Leveraging Graph to Improve Abstractive Multi-Document Summarization
- URL: http://arxiv.org/abs/2005.10043v1
- Date: Wed, 20 May 2020 13:39:47 GMT
- Title: Leveraging Graph to Improve Abstractive Multi-Document Summarization
- Authors: Wei Li, Xinyan Xiao, Jiachen Liu, Hua Wu, Haifeng Wang, Junping Du
- Abstract summary: We develop a neural abstractive multi-document summarization (MDS) model which can leverage well-known graph representations of documents.
Our model utilizes graphs to encode documents in order to capture cross-document relations, which is crucial to summarizing long documents.

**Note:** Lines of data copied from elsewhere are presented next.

theorem proposition6p2:
  fixes N k l :: nat and \<psi> \<phi> :: "int \<Rightarrow> complex"
  assumes "even N"
    and "dirichlet_character N \<psi>" and "dirichlet_character N \<phi>"
    and "1 < k" and "k \<le> l"
  shows "\<not> (\<exists>f g. hecke_eigenform k N \<psi> f \<and> hecke_eigenform l N \<phi> g \<and>
              qcoeff f 0 \<noteq> 0 \<and> qcoeff g 0 \<noteq> 0 \<and>
              hecke_eigenform (k + l) N (\<lambda>a. \<psi> a * \<phi> a) (\<lambda>z. f z * g z))"
proof
  assume "\<exists>f g. hecke_eigenform k N \<psi> f \<and> hecke_eigenform l N \<phi> g \<and>
              qcoeff f 0 \<noteq> 0 \<and> qcoeff g 0 \<noteq> 0 \<and>
              hecke_eigenform (k + l) N (\<lambda>a. \<psi> a * \<phi> a) (\<lambda>z. f z * g z)"
  then obtain f g where f: "hecke_eigenform k N \<psi> f" and g: "hecke_eigenform l N \<phi> g"
    and f0: "qcoeff f 0 \<noteq> 0" and g0: "qcoeff g 0 \<noteq> 0"
    and fg: "hecke_eigenform (k + l) N (\<lambda>a. \<psi> a * \<phi> a) (\<lambda>z. f z * g z)"
    by blast
  have "\<not> coprime (2::int) (int N)" using \<open>even N\<close> by simp
  then have \<psi>: "\<psi> 1 = 1" "\<psi> 2 = 0" and \<phi>: "\<phi> 1 = 1" "\<phi> 2 = 0"
    using assms(2,3) by (auto simp: dirichlet_character_def)
  have "modular_form k N \<psi> f" "modular_form l N \<phi> g"
    using f g by (simp_all add: hecke_eigenform_def)
  note coeff_fg = modular_form_mult_qcoeff[OF this(1) \<psi>(1) this(2) \<phi>(1)]
  have "qcoeff (\<lambda>z. f z * g z) 2 = qcoeff (\<lambda>z. f z * g z) 1"
    using hecke_eigenform_qcoeff_2_eq_1[OF fg] \<psi> \<phi> coeff_fg[of 0] f0 g0 by simp
  then have "qcoeff f 1 * qcoeff g 1 = 0"
    using hecke_eigenform_qcoeff_2_eq_1[OF f \<psi> f0] hecke_eigenform_qcoeff_2_eq_1[OF g \<phi> g0]
    by (simp add: coeff_fg numeral_2_eq_2 algebra_simps)
  moreover have "qcoeff f 1 \<noteq> 0" "qcoeff g 1 \<noteq> 0"
    using hecke_eigenform_qcoeff_1_nonzero f g assms by auto
  ultimately show False by simp
qed

end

Our model can also take advantage of graphs to guide the summary generation process, which is beneficial for generating coherent and concise summaries.
- Score: 50.62418656177642
- License: http://arxiv.org/licenses/nonexclusive-distrib/1.0/
- Abstract: Graphs that capture relations between textual units have great benefits for
detecting salient information from multiple documents and generating overall
coherent summaries. In this paper, we develop a neural abstractive
multi-document summarization (MDS) model which can leverage well-known graph
representations of documents such as similarity graph and discourse graph, to
more effectively process multiple input documents and produce abstractive
summaries. Our model utilizes graphs to encode documents in order to capture
cross-document relations, which is crucial to summarizing long documents. Our
model can also take advantage of graphs to guide the summary generation
process, which is beneficial for generating coherent and concise summaries.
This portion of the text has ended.